Федор Крюков - В глубине
Но зато по вечерам в разных местах станицы орут граммофоны, молодые люди в котелках катаются на велосипедах, — это юное поколение местных торговцев изменило старому российскому картузу и перерядилось в европейский костюм, — по пыльным улицам, с свежими следами и густым ароматом только что вернувшегося с пастбища стада, прогуливаются барышни в шляпках, в узких модных платьях и туфельках на французских каблучках… У почтаря Неклюева дочь кончила гимназию с золотой медалью, а отец все еще не слезает с козел… Ребята-выростки, вместе с казацкими фуражками и широкими шароварами с лампасами, щеголяют в тонких, полупрозрачных блузах из материи, которую купец Мятлов называет сенжант, и в широких спортсменских поясах.

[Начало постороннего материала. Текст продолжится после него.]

lemma admissible_exponent_mono:
  assumes adm: "admissible k g m" and "j < i" "i < k"
  shows "m j \<le> m i"
proof (rule ccontr)
  assume "\<not> m j \<le> m i"
  then have "ker_plus_range (m i) \<subseteq> flag g i"
    using admissibleD(4)[OF adm, of j "m i"] flag_mono[of j i g] assms by auto
  then show False
    using ker_subset_ker_plus_range admissibleD(1,2)[OF adm \<open>i < k\<close>] by blast
qed

lemma admissible_annihilated:
  "admissible k g m \<Longrightarrow> i < k \<Longrightarrow> m i \<le> e \<Longrightarrow> mat_power X e *v g i = 0"
  using admissibleD(1) mat_power_mult_vec_eq_0_mono by blast

lemma exists_next_generator:
  assumes S: "vec.subspace S" "range (\<lambda>u. X *v u) \<subseteq> S" and "S \<noteq> UNIV"
  shows "\<exists>e b. (\<forall>e'<e. ker_plus_range e' \<subseteq> S) \<and> mat_power X e *v b = 0 \<and> b \<notin> S \<and> Y *v b \<in> S"
proof -
  obtain N where "mat_power X N = 0"
    using nilpotent_X unfolding nilpotent_mat_def by blast
  then have "\<not> ker_plus_range N \<subseteq> S"
    using ker_subset_ker_plus_range[of N] \<open>S \<noteq> UNIV\<close> by auto
  then have ex: "\<exists>e. \<not> ker_plus_range e \<subseteq> S" ..
  define e where "e = (LEAST e. \<not> ker_plus_range e \<subseteq> S)"
  have below: "\<forall>e'<e. ker_plus_range e' \<subseteq> S"
    unfolding e_def using not_less_Least by blast
  have "\<not> ker_plus_range e \<subseteq> S"
    unfolding e_def by (rule LeastI_ex[OF ex])
  then obtain a b where a: "mat_power X e *v a = 0" and "a + X *v b \<notin> S"
    unfolding ker_plus_range_def by blast
  then have "a \<notin> S"
    using S vec.subspace_add by blast
  then obtain j where j: "mat_power Y j *v a \<notin> S" "Y *v (mat_power Y j *v a) \<in> S"
    using nilpotent_mat_last_power_outside[OF nilpotent_Y vec.subspace_0[OF S(1)]] by blast
  have "mat_power X e ** mat_power Y j = mat_power Y j ** mat_power X e"
    using mat_power_commute[OF mat_power_commute[OF commute, of e, symmetric]] by simp
  then have "mat_power X e *v (mat_power Y j *v a) = 0"
    using a by (metis matrix_vector_mul_assoc vec.zero)
  with below j show ?thesis by blast
qed

lemma admissible_extend:
  assumes adm: "admissible k g m" and "flag g k \<noteq> UNIV"
  shows "\<exists>b e. admissible (Suc k) (g(k := b)) (m(k := e))"
proof -
  obtain e b where b: "\<forall>e'<e. ker_plus_range e' \<subseteq> flag g k" "mat_power X e *v b = 0"
    "b \<notin> flag g k" "Y *v b \<in> flag g k"
    using exists_next_generator[OF subspace_flag _ \<open>flag g k \<noteq> UNIV\<close>] mult_X_in_flag by blast
  have "flag (g(k := b)) i = flag g i" if "i \<le> k" for i
    using that by (intro flag_cong) auto
  then have "admissible (Suc k) (g(k := b)) (m(k := e))"
    using adm b unfolding admissible_def by (auto simp: less_Suc_eq)
  then show ?thesis by blast
qed

definition cells :: "nat \<Rightarrow> (nat \<Rightarrow> nat) \<Rightarrow> (nat \<times> nat) set" where
  "cells k m = Sigma {..<k} (\<lambda>i. {..<m i})"

definition cell_vec :: "(nat \<Rightarrow> 'a^'n) \<Rightarrow> nat \<times> nat \<Rightarrow> 'a^'n" where
  "cell_vec g p = mat_power X (snd p) *v g (fst p)"

lemma finite_cells: "finite (cells k m)"
  unfolding cells_def by auto

lemma card_cells: "card (cells k m) = (\<Sum>i<k. m i)"
  unfolding cells_def by (simp add: card_SigmaI)

lemma cell_vec_in_flag: "i < i' \<or> 0 < a \<Longrightarrow> cell_vec g (i, a) \<in> flag g i'"
  unfolding cell_vec_def by (cases "a = 0") (auto simp: generator_in_flag mat_power_pos_in_flag)

lemma mult_X_cell_vec: "X *v cell_vec g (i, a) = cell_vec g (i, Suc a)"
  unfolding cell_vec_def by (simp add: matrix_vector_mul_assoc)

text \<open>
  Take the nonzero coefficient c (i0, a0) with a0 least and then i0 greatest, and divide
  the relation by X^a0: the quotient w lies in ker X^a0, which is contained in F_i0, and so
  do all its terms except c (i0, a0) g_i0.
\<close>
lemma admissible_cell_coefficient_eq_0:
  assumes adm: "admissible k g m" and sum0: "(\<Sum>p\<in>cells k m. c p *s cell_vec g p) = 0"
    and "p \<in> cells k m"
  shows "c p = 0"
proof (rule ccontr)
  define P where "P = {p \<in> cells k m. c p \<noteq> 0}"
  assume "c p \<noteq> 0"
  have finP: "finite P"
    using finite_cells unfolding P_def by auto
  moreover have "P \<noteq> {}"
    using \<open>c p \<noteq> 0\<close> \<open>p \<in> cells k m\<close> unfolding P_def by blast
  ultimately obtain i0 a0 where P0: "(i0, a0) \<in> P" and a0_le: "\<And>q. q \<in> P \<Longrightarrow> a0 \<le> snd q"
    and i0_ge: "\<And>i. (i, a0) \<in> P \<Longrightarrow> i \<le> i0"
    using obtain_least_snd_greatest_fst by metis
  then have i0: "i0 < k" "a0 < m i0" "c (i0, a0) \<noteq> 0"
    unfolding P_def cells_def by auto
  define w where "w = (\<Sum>q\<in>P. c q *s cell_vec g (fst q, snd q - a0))"
  define r where "r = (\<Sum>q\<in>P - {(i0, a0)}. c q *s cell_vec g (fst q, snd q - a0))"
  have "mat_power X a0 *v w = (\<Sum>q\<in>P. c q *s cell_vec g q)"
    unfolding w_def cell_vec_def using a0_le
    by (simp add: vec.sum vec.scale matrix_vector_mul_assoc mat_power_add[symmetric])
  also have "\<dots> = (\<Sum>q\<in>cells k m. c q *s cell_vec g q)"
    unfolding P_def by (rule sum.mono_neutral_left[OF finite_cells]) auto
  finally have "w \<in> flag g i0"
    using sum0 admissibleD(4)[OF adm i0(1,2)] ker_subset_ker_plus_range by auto
  moreover have "w = c (i0, a0) *s g i0 + r"
    unfolding w_def r_def by (simp add: sum.remove[OF finP P0] cell_vec_def)
  moreover have "fst q < i0 \<or> 0 < snd q - a0" if "q \<in> P - {(i0, a0)}" for q
    using that a0_le[of q] i0_ge[of "fst q"] by (cases q) force
  then have "r \<in> flag g i0"
    unfolding r_def
    by (intro vec.subspace_sum[OF subspace_flag] vec.subspace_scale[OF subspace_flag]
        cell_vec_in_flag) auto
  ultimately have "c (i0, a0) *s g i0 \<in> flag g i0"
    using vec.subspace_diff[OF subspace_flag, of w g i0 r] by simp
  then have "inverse (c (i0, a0)) *s (c (i0, a0) *s g i0) \<in> flag g i0"
    by (rule vec.subspace_scale[OF subspace_flag])
  then have "g i0 \<in> flag g i0"
    using i0(3) by (simp add: vec.scale_scale)
  then show False
    using admissibleD(2)[OF adm i0(1)] by blast
qed

lemma admissible_cell_vec_inj:
  assumes adm: "admissible k g m"
  shows "inj_on (cell_vec g) (cells k m)"
proof (rule inj_onI, rule ccontr)
  fix p q
  assume pq: "p \<in> cells k m" "q \<in> cells k m" "cell_vec g p = cell_vec g q" "p \<noteq> q"
  define c where "c r = (if r = p then 1 else if r = q then -1 else 0 :: 'a)" for r
  have "c r *s cell_vec g r = (if r = p then cell_vec g r else 0) - (if r = q then cell_vec g r else 0)"
    for r
    using pq(4) unfolding c_def by auto
  then have "(\<Sum>r\<in>cells k m. c r *s cell_vec g r) = 0"
    using pq finite_cells[of k m] by (simp add: sum_subtractf sum.delta)
  then have "c p = 0"
    using admissible_cell_coefficient_eq_0[OF adm _ pq(1)] by blast
  then show False
    unfolding c_def by simp
qed

lemma admissible_independent:
  assumes adm: "admissible k g m"
  shows "vec.independent (cell_vec g ` cells k m)"
proof (rule vec.independent_if_scalars_zero)
  show "finite (cell_vec g ` cells k m)"
    using finite_cells by simp
  fix f x
  assume "(\<Sum>x\<in>cell_vec g ` cells k m. f x *s x) = 0" and "x \<in> cell_vec g ` cells k m"
  then show "f x = 0"
    using admissible_cell_coefficient_eq_0[OF adm, of "\<lambda>p. f (cell_vec g p)"]
    by (auto simp: sum.reindex[OF admissible_cell_vec_inj[OF adm]])
qed

lemma admissible_length_le:
  assumes adm: "admissible k g m"
  shows "k \<le> vec.dim (UNIV :: ('a^'n) set)"
proof -
  have "k \<le> (\<Sum>i<k. m i)"
    using sum_mono[of "{..<k}" "\<lambda>_. 1" m] admissible_exponent_pos[OF adm] by force
  also have "\<dots> = card (cell_vec g ` cells k m)"
    by (simp add: card_cells card_image[OF admissible_cell_vec_inj[OF adm]])
  also have "\<dots> \<le> vec.dim (UNIV :: ('a^'n) set)"
    by (rule vec.independent_card_le_dim[OF subset_UNIV admissible_independent[OF adm]])
  finally show ?thesis .
qed

lemma exists_admissible_flag_UNIV: "\<exists>k g m. admissible k g m \<and> flag g k = UNIV"
proof -
  let ?P = "\<lambda>k. \<exists>g m. admissible k g m"
  have "?P 0"
    by (auto simp: admissible_def)
  then obtain k where "?P k" and max: "\<And>k'. ?P k' \<Longrightarrow> k' \<le> k"
    using ex_has_greatest_nat[of ?P 0 "\<lambda>k. k" "Suc (vec.dim (UNIV :: ('a^'n) set))"]
      admissible_length_le by (metis less_Suc_eq_le)
  then obtain g m where adm: "admissible k g m"
    by blast
  have "flag g k = UNIV"
    using admissible_extend[OF adm] max by (metis Suc_n_not_le_n)
  with adm show ?thesis
    by blast
qed

lemma admissible_cell_vecs_span:
  assumes adm: "admissible k g m" and full: "flag g k = UNIV"
  shows "vec.span (cell_vec g ` cells k m) = UNIV"
proof (rule subspace_eq_UNIV_if_contains_generators[OF full vec.subspace_span])
  have "X *v cell_vec g p \<in> vec.span (cell_vec g ` cells k m)" if "p \<in> cells k m" for p
  proof -
    obtain i a where p: "p = (i, a)" "i < k" "a < m i"
      using \<open>p \<in> cells k m\<close> unfolding cells_def by (cases p) auto
    show ?thesis
    proof (cases "Suc a < m i")
      case True
      then have "(i, Suc a) \<in> cells k m"
        using p unfolding cells_def by auto
      then show ?thesis
        using p by (simp add: mult_X_cell_vec vec.span_base)
    next
      case False
      then have "cell_vec g (i, Suc a) = 0"
        using admissible_annihilated[OF adm p(2), of "Suc a"] unfolding cell_vec_def by simp
      then show ?thesis
        using p by (simp add: mult_X_cell_vec vec.span_zero)
    qed
  qed
  then show "X *v w \<in> vec.span (cell_vec g ` cells k m)"
    if "w \<in> vec.span (cell_vec g ` cells k m)" for w
    using matrix_vector_mult_span_in_subspace[OF vec.subspace_span _ that] by blast
  show "g i \<in> vec.span (cell_vec g ` cells k m)" if "i < k" for i
  proof -
    have "(i, 0) \<in> cells k m"
      using that admissible_exponent_pos[OF adm that] unfolding cells_def by auto
    then show ?thesis
      by (metis cell_vec_def fst_conv snd_conv mat_power.simps(1) matrix_vector_mul_lid
          vec.span_base imageI)
  qed
qed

Нравы стали свободнее. Ребятишки наравне с взрослыми курят папиросы, сквернословят, играют в карты, в орла и, чтобы добыть денег, воруют из родительских закромов хлеб и тайком продают его тому же Мятлову…

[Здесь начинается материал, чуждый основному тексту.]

lemma signed_cycle_sum_Suc:
  "signed_cycle_sum (Suc N) g = signed_cycle_sum N (\<lambda>c. g (Suc c) - real N * g c)"
proof -
  let ?F = "\<lambda>p. of_int (sign p) * g (num_cycles (Suc N) p)"
  let ?\<tau> = "\<lambda>b. Transposition.transpose (Suc N) b"
  have "signed_cycle_sum (Suc N) g =
      (\<Sum>b\<in>insert (Suc N) {1..N}. \<Sum>q\<in>sym_group N. ?F (?\<tau> b \<circ> q))"
    using sum_over_permutations_insert[of "{1..N}" "Suc N" ?F]
    by (simp add: signed_cycle_sum_def sym_group_def atLeastAtMostSuc_conv)
  also have "\<dots> = (\<Sum>q\<in>sym_group N. ?F q) + (\<Sum>b\<in>{1..N}. \<Sum>q\<in>sym_group N. ?F (?\<tau> b \<circ> q))"
    by simp
  also have "(\<Sum>q\<in>sym_group N. ?F q) =
      (\<Sum>q\<in>sym_group N. of_int (sign q) * g (Suc (num_cycles N q)))"
    by (rule sum.cong) (auto simp: sym_group_def num_cycles_Suc_fixpoint)
  also have "(\<Sum>b\<in>{1..N}. \<Sum>q\<in>sym_group N. ?F (?\<tau> b \<circ> q)) =
      (\<Sum>b\<in>{1..N}. \<Sum>q\<in>sym_group N. - (of_int (sign q) * g (num_cycles N q)))"
  proof (intro sum.cong refl)
    fix b q assume "b \<in> {1..N}" "q \<in> sym_group N"
    moreover from this have "permutation q"
      by (auto simp: sym_group_def permutation_permutes)
    ultimately show "?F (?\<tau> b \<circ> q) = - (of_int (sign q) * g (num_cycles N q))"
      by (simp add: sym_group_def num_cycles_Suc_transpose_comp sign_compose sign_swap_id
          permutation_swap_id)
  qed
  finally show ?thesis
    by (simp add: signed_cycle_sum_def sum_negf sum_subtractf sum_distrib_left algebra_simps)
qed

lemma falling_pow_0 [simp]: "falling_pow x 0 = 1"
  by (simp add: falling_pow_def)

lemma falling_pow_Suc: "falling_pow x (Suc l) = falling_pow x l * (x - real l)"
  by (simp add: falling_pow_def)

lemma falling_pow_Suc_shift: "falling_pow (x + 1) (Suc l) = (x + 1) * falling_pow x l"
  unfolding falling_pow_def by (subst prod.lessThan_Suc_shift) (simp add: algebra_simps)

lemma falling_pow_add_1:
  "falling_pow (x + 1) (Suc l) = falling_pow x (Suc l) + real (Suc l) * falling_pow x l"
  by (subst falling_pow_Suc_shift, subst falling_pow_Suc) (simp add: algebra_simps)

definition signed_falling_moment :: "nat \<Rightarrow> nat \<Rightarrow> real" where
  "signed_falling_moment N l = signed_cycle_sum N (\<lambda>c. falling_pow (real c) l)"

lemma signed_falling_moment_Suc_0:
  "signed_falling_moment (Suc N) 0 = (1 - real N) * signed_falling_moment N 0"
  using signed_cycle_sum_linear[of N "1 - real N" "\<lambda>_. 1" 0 "\<lambda>_. 0"]
  by (simp add: signed_falling_moment_def signed_cycle_sum_Suc algebra_simps)

lemma signed_falling_moment_Suc_Suc:
  "signed_falling_moment (Suc N) (Suc l) =
    (1 - real N) * signed_falling_moment N (Suc l) + real (Suc l) * signed_falling_moment N l"
  unfolding signed_falling_moment_def signed_cycle_sum_Suc signed_cycle_sum_linear[symmetric]
  by (simp add: falling_pow_add_1[unfolded add.commute[of _ 1]] algebra_simps)

lemma signed_falling_moment_0_eq_0:
  assumes "N \<ge> 2"
  shows "signed_falling_moment N 0 = 0"
  using assms
proof (induction N rule: nat_induct_at_least)
  case base
  show ?case
    using signed_falling_moment_Suc_0[of 1] by (simp add: numeral_2_eq_2)
next
  case (Suc n)
  then show ?case
    by (simp add: signed_falling_moment_Suc_0)
qed

lemma factorial_bound_of_recurrence:
  fixes f g :: "nat \<Rightarrow> real"
  assumes rec: "\<And>n. n \<ge> 2 \<Longrightarrow> f (Suc n) = (1 - real n) * f n + c * g n"
    and g: "\<And>n. n \<ge> 2 \<Longrightarrow> \<bar>g n\<bar> \<le> K * fact (n - 1)"
  shows "\<exists>K'. \<forall>n\<ge>2. \<bar>f n\<bar> \<le> K' * fact (n - 1)"
proof -
  define K' where "K' = max \<bar>f 2\<bar> (\<bar>c\<bar> * K)"
  have "\<bar>f n\<bar> \<le> K' * fact (n - 1)" if "n \<ge> 2" for n
    using that
  proof (induction n rule: nat_induct_at_least)
    case base
    show ?case by (simp add: K'_def)
  next
    case (Suc n)
    have "\<bar>f (Suc n)\<bar> \<le> (real n - 1) * \<bar>f n\<bar> + \<bar>c\<bar> * \<bar>g n\<bar>"
      using rec[OF Suc.hyps] Suc.hyps abs_triangle_ineq[of "(1 - real n) * f n" "c * g n"]
      by (simp add: abs_mult)
    also have "\<dots> \<le> (real n - 1) * (K' * fact (n - 1)) + \<bar>c\<bar> * (K * fact (n - 1))"
      using Suc.IH Suc.hyps g[OF Suc.hyps]
      by (intro add_mono mult_left_mono) auto
    also have "\<dots> \<le> (real n - 1) * (K' * fact (n - 1)) + K' * fact (n - 1)"
      by (intro add_left_mono) (simp add: K'_def mult.assoc[symmetric] mult_right_mono)
    also have "\<dots> = K' * fact (Suc n - 1)"
      using Suc.hyps by (simp add: fact_reduce[of n] algebra_simps)
    finally show ?case .
  qed
  then show ?thesis by blast
qed

lemma signed_falling_moment_bound:
  "\<exists>K. \<forall>N\<ge>2. \<bar>signed_falling_moment N l\<bar> \<le> K * fact (N - 1)"
proof (induction l)
  case 0
  show ?case
    by (rule exI[of _ 0]) (simp add: signed_falling_moment_0_eq_0)
next
  case (Suc l)
  then obtain K where "\<forall>N\<ge>2. \<bar>signed_falling_moment N l\<bar> \<le> K * fact (N - 1)"
    by blast
  then show ?case
    by (intro factorial_bound_of_recurrence[where c = "real (Suc l)" and K = K and g = "\<lambda>N. signed_falling_moment N l"])
      (simp_all add: signed_falling_moment_Suc_Suc)
qed

lemma finite_sym_group: "finite (sym_group N)"
  by (simp add: sym_group_def finite_permutations)

lemma card_sym_group: "card (sym_group N) = fact N"
  unfolding sym_group_def by (rule card_permutations) auto

lemma alt_group_subset_sym_group: "alt_group N \<subseteq> sym_group N"
  by (auto simp: alt_group_def sym_group_def)

lemma sum_sign_mult_eq:
  "(\<Sum>p\<in>sym_group N. of_int (sign p) * h p) =
    (\<Sum>p\<in>alt_group N. h p) - (\<Sum>p\<in>sym_group N - alt_group N. h p :: real)"
proof -
  have "(\<Sum>p\<in>sym_group N. of_int (sign p) * h p) =
      (\<Sum>p\<in>sym_group N - alt_group N. of_int (sign p) * h p) + (\<Sum>p\<in>alt_group N. of_int (sign p) * h p)"
    by (rule sum.subset_diff[OF alt_group_subset_sym_group finite_sym_group])
  also have "\<dots> = (\<Sum>p\<in>sym_group N - alt_group N. - h p) + (\<Sum>p\<in>alt_group N. h p)"
    by (intro arg_cong2[where f = "(+)"] sum.cong) (auto simp: sign_def alt_group_def sym_group_def)
  finally show ?thesis
    by (simp add: sum_negf)
qed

Все это — новое… Если не совсем новое по существу, то по размерам, оставившим далеко позади старые явления той же категории, — несомненно новое, свидетельствующее о том, что кажущаяся неподвижность жизни есть оптический обман, что даже наш глухой, отдаленный угол сдвинут с места и едет куда-то вперед, в темное, смутное будущее…
И иные есть признаки нового, указующие на сдвиг в умах, в привычных понятиях и верованиях нашего уголка: новые интересы, новые суждения, критика — враждебная и резкая — основ, прежде неприкосновенных и несомненных, столкновение взглядов, симпатий и убеждений, споры и вражда идейная…
Наш обычный клуб — лавка Петра Ильича Гришина. Узаконенной свободы собраний у нас нет, но мы уже привыкли осуществлять ее явочным порядком. На гостеприимных ступеньках прилавка, на пустых коробах и ящиках, на пуках бичев собираемся мы тут с давних пор, щелкаем семечки, зеваем, судим о текущих событиях внутренней и внешней жизни, играем в шашки, зубоскалим, а порой — в последние годы очень часто — пускаемся в шумные споры…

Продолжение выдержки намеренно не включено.